Außer ihrer künstlerischen Tätigkeit und der Stadt, in der sie berühmt wurden, haben sie zwei weitere Dinge gemeinsam – sie sind nicht weiß, gehörten damit nicht zur kulturell dominierenden Ethnie, und sie waren Frauen in einer Zeit, als diese noch Menschen zweiter Klasse waren und wuchsen auf, als der richtige Ort für ihr Geschlecht mehrheitlich hinter dem Kochtopf gesehen wurde.

a.
Yoko Onos Vater war künstlerisch ambitioniert und sie besuchte exklusive Schulen. Schon als Siebenjährige lebte sie einige Zeit in den USA, wo ihr Vater zeitweilig arbeitete. Den ersten, und prägendsten Bruch in ihrem Leben erlebte sie mit dem Kriegsende – nach der massiven Bombardierung Tokios floh ihre Familie in die umliegenden Berge und musste um Essen betteln. Ein Jahr später war, abgesehen davon, dass der Vater als Kriegsgefangener in Französisch-Indochina verschollen war, die Welt aber wieder in Ordnung – sie besuchte ein exklusives Gymnasium, gemeinsam mit dem zukünftigen Kaiser, und schrieb sich 1951 an der Gakushuin Universität in Philosophie ein – als erste Frau im Seminar. Bald zog ihre Familie jedoch wieder nach New York und sie ging mit.

b.
Eunice Kathleen Waymon, die später als Nina Simone berühmt wurde, wuchs im Südosten der USA auf, im von Rassismus und Segregation geprägten North Carolina. Ihre Mutter war Hausmädchen und Pfarrerin, der Vater versuchte sich als Geschäftsmann, war aber oft länger krank. Sie lernte schon mit drei Jahren Klavier spielen, trat in der Kirche auf und wollte Konzertpianistin werden. Der Arbeitgeber ihrer Mutter bezahlte ihr Klavierstunden, weil er von ihrem Talent beeindruckt war. Später wurde ein örtlicher Fond eingerichtet, der ihre weitere Ausbildung ermöglichte. Sie bewarb sich auf ein Stipendium am angesehenen Curtis Institute of Music in Philadelphia. Sie wurde abgelehnt – aufgrund ihrer Hautfarbe, wie sie annahm.

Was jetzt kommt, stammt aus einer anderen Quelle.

lemma
  assumes "is_polynomial P"
  shows is_polynomial_partial: "is_polynomial (partial j P)"
    and polynomial_partial_differentiable: "partial_differentiable j P x"
proof -
  obtain A c where A: "finite A" and P: "\<And>x. P x = (\<Sum>\<alpha>\<in>A. c \<alpha> * (\<Prod>i\<in>UNIV. (x $ i) ^ \<alpha> i))"
    using assms unfolding is_polynomial_def by blast
  have deriv: "((\<lambda>t. P (y + t *\<^sub>R axis j 1)) has_real_derivative
      (\<Sum>\<alpha>\<in>A. c \<alpha> * real (\<alpha> j) * (\<Prod>i\<in>UNIV. (y $ i) ^ (\<alpha>(j := \<alpha> j - 1)) i))) (at 0)" for y
    unfolding P using has_real_derivative_monomials_line[OF A, where c=c and e="\<lambda>\<alpha>. \<alpha>"] by simp
  have "partial j P = (\<lambda>y. \<Sum>\<alpha>\<in>A. c \<alpha> * real (\<alpha> j) * (\<Prod>i\<in>UNIV. (y $ i) ^ (\<alpha>(j := \<alpha> j - 1)) i))"
    using partial_eqI[OF deriv] by (rule ext)
  then show "is_polynomial (partial j P)"
    using is_polynomial_monomials[OF A, where c="\<lambda>\<alpha>. c \<alpha> * real (\<alpha> j)"] by (simp only:)
  show "partial_differentiable j P x"
    by (rule partial_differentiableI[OF deriv])
qed

lemma continuous_on_polynomial:
  assumes "is_polynomial P"
  shows "continuous_on S P"
proof -
  obtain A c where "\<And>x. P x = (\<Sum>\<alpha>\<in>A. c \<alpha> * (\<Prod>i\<in>UNIV. (x $ i) ^ \<alpha> i))"
    using assms unfolding is_polynomial_def by blast
  then have "P = (\<lambda>x. \<Sum>\<alpha>\<in>A. c \<alpha> * (\<Prod>i\<in>UNIV. (x $ i) ^ \<alpha> i))" by blast
  then show ?thesis
    by (simp only:) (intro continuous_on_sum continuous_on_mult continuous_on_const
        continuous_on_prod continuous_on_power continuous_on_component continuous_on_id)
qed

section \<open>The Hamiltonian applied to \<open>P \<surd>\<pi>\<close>\<close>

lemma partial_mult:
  assumes "partial_differentiable j f x" "partial_differentiable j g x"
  shows "partial j (\<lambda>y. f y * g y) x = partial j f x * g x + f x * partial j g x"
  using DERIV_mult[OF partial_differentiableD[OF assms(1)] partial_differentiableD[OF assms(2)]]
  by (intro partial_eqI) (simp add: mult.commute)

lemma partial_partial_mult:
  assumes "open S" "x \<in> S"
    and "\<And>y. y \<in> S \<Longrightarrow> partial_differentiable j f y \<and> partial_differentiable j g y"
    and "partial_differentiable j (partial j f) x" "partial_differentiable j (partial j g) x"
  shows "partial j (partial j (\<lambda>y. f y * g y)) x
       = partial j (partial j f) x * g x + 2 * (partial j f x * partial j g x)
         + f x * partial j (partial j g) x"
proof (rule partial_eqI)
  let ?line = "\<lambda>h t. h (x + t *\<^sub>R axis j 1)"
  have fg: "partial_differentiable j f x" "partial_differentiable j g x"
    using assms(2,3) by auto
  have product: "partial j (\<lambda>y. f y * g y) y = partial j f y * g y + f y * partial j g y"
    if "y \<in> S" for y
    using assms(3)[OF that] partial_mult by blast
  have product_rule: "((\<lambda>t. ?line (partial j f) t * ?line g t + ?line f t * ?line (partial j g) t)
      has_real_derivative partial j (partial j f) x * g x + 2 * (partial j f x * partial j g x)
         + f x * partial j (partial j g) x) (at 0)"
    using DERIV_add[OF DERIV_mult[OF partial_differentiableD[OF assms(4)] partial_differentiableD[OF fg(2)]]
        DERIV_mult[OF partial_differentiableD[OF fg(1)] partial_differentiableD[OF assms(5)]]]
    by (simp add: algebra_simps)
  show "((\<lambda>t. partial j (\<lambda>y. f y * g y) (x + t *\<^sub>R axis j 1)) has_real_derivative
      partial j (partial j f) x * g x + 2 * (partial j f x * partial j g x)
      + f x * partial j (partial j g) x) (at 0)"
    by (rule has_real_derivative_line_transform_open[OF assms(1,2) _ product_rule]) (simp add: product)
qed

lemma laplacian_mult:
  assumes "open S" "x \<in> S"
    and "\<And>j y. y \<in> S \<Longrightarrow> partial_differentiable j f y \<and> partial_differentiable j g y"
    and "\<And>j. partial_differentiable j (partial j f) x \<and> partial_differentiable j (partial j g) x"
  shows "laplacian (\<lambda>y. f y * g y) x
       = laplacian f x * g x + 2 * (\<Sum>j\<in>UNIV. partial j f x * partial j g x) + f x * laplacian g x"
proof -
  have "partial j (partial j (\<lambda>y. f y * g y)) x
      = partial j (partial j f) x * g x + 2 * (partial j f x * partial j g x)
        + f x * partial j (partial j g) x" for j
    by (rule partial_partial_mult[OF assms(1,2)]) (use assms(3,4) in auto)
  then show ?thesis
    unfolding laplacian_def sum_distrib_left sum_distrib_right sum.distrib[symmetric] by simp
qed

lemma has_real_derivative_sqrt_line:
  assumes "\<pi> x > 0" "partial_differentiable j \<pi> x"
  shows "((\<lambda>t. sqrt (\<pi> (x + t *\<^sub>R axis j 1))) has_real_derivative
           partial j \<pi> x / (2 * sqrt (\<pi> x))) (at 0)"
proof -
  have "\<pi> (x + 0 *\<^sub>R axis j 1) > 0" using assms(1) by simp
  from DERIV_chain2[OF DERIV_real_sqrt[OF this] partial_differentiableD[OF assms(2)]]
  show ?thesis by (simp add: field_simps)
qed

Das war die zweite einschneidende Erfahrung ihres Lebens – mit zwölf, als sie ihr Debüt als klassische Pianistin gegeben hatte, waren ihre Eltern aus der ersten Reihe nach hinten gesetzt worden, um Platz für Weiße zu machen. Die junge Eunice weigerte sich anzufangen, bevor ihre Eltern wieder vorn saßen – und setzte sich damit durch. Nina Simone studierte dann an der Juilliard School of Music in New York City.

c.
Ono war zu dieser Zeit am privaten Sarah Lawrence College in Westchester County im Bundesstaat New York eingeschrieben, wo sie sich in der Künstlerszene bewegte – zum Missfallen ihrer Eltern, die zwar ihre künstlerische Ader unterstützten, aber diese Menschen als unter ihrem sozialen Status betrachteten. Ono erfreute sich nicht nur am Bohème-Leben, sondern baute auch erste wichtige Kontakte in die New Yorker Kunstszene auf – sie lernte u.a. La Monte Young und John Cage kennen. Sie mietete ein Loft im TriBeCa-Viertel, wo sie erste Performances aufführte. Sie heiratete 1956 zunächst den japanischen Musiker Toshi Ichiyanagi. 1961 lernte sie den US-Künstler Anthony Cox, kennen – er hatte ihre Arbeiten in einem Katalog gesehen und sie daraufhin in Tokio aufgesucht, wo sie aufgrund eines Nervenzusammenbruchs im Krankenhaus lag. Mit ihm bekam sie 1963 Tochter Kyoko. Bis 1969 hielt die Beziehung, die auf persönlicher Ebene schon schnell zerfallen war, als berufliche Partnerschaft an. Ono trieb ihre Karriere voran, und Cox managte sie und erzog die Tochter, die er später, nachdem er sich mit Ono verstritten hatte, entführte.

d.
Nina Simone, wie sie sich jetzt nannte, hatte 1954 einen Job als Unterhaltungskünstlerin im Midtown Bar & Grill on Pacific Avenue in Atlantic City in New Jersey angenommen, um ihr Studium zu finanzieren. Ihr Chef bestand darauf, dass sie auch sang und nicht nur Klavier spielte. Das sollte der Anfang ihres Weltruhms werden. 1958 hatte sie sich eine kleine, aber treue Fanschar erspielt. Als Gefallen für einen Bekannten nahm sie George Gershwins Porgy and Bess auf, das sie von einer Billy-Holliday-Aufnahme gelernt hatte – es wurde ihr einziger Top-40-Hit in den Billboard-Charts. Im gleichen Jahr heirate sie, bereute es aber bald. Sie veröffentlichte ihr Debütalbum Little Girl Blue, für dass sie alle Rechte für 3 000 Dollar an die Plattenfirma abtrat – ein schwerer Fehler, wie sich herausstellen sollte, denn es enthielt ihre berühmte Version von My Baby Just Cares for Me, dass sie zwar nicht geschrieben hatte, aber sich in ihrer Interpretation millionenfach verkaufte und zum Welthit wurde – allerdings erst 1987, als es in einer Parfümwerbung verwendet und wiederveröffentlicht wurde.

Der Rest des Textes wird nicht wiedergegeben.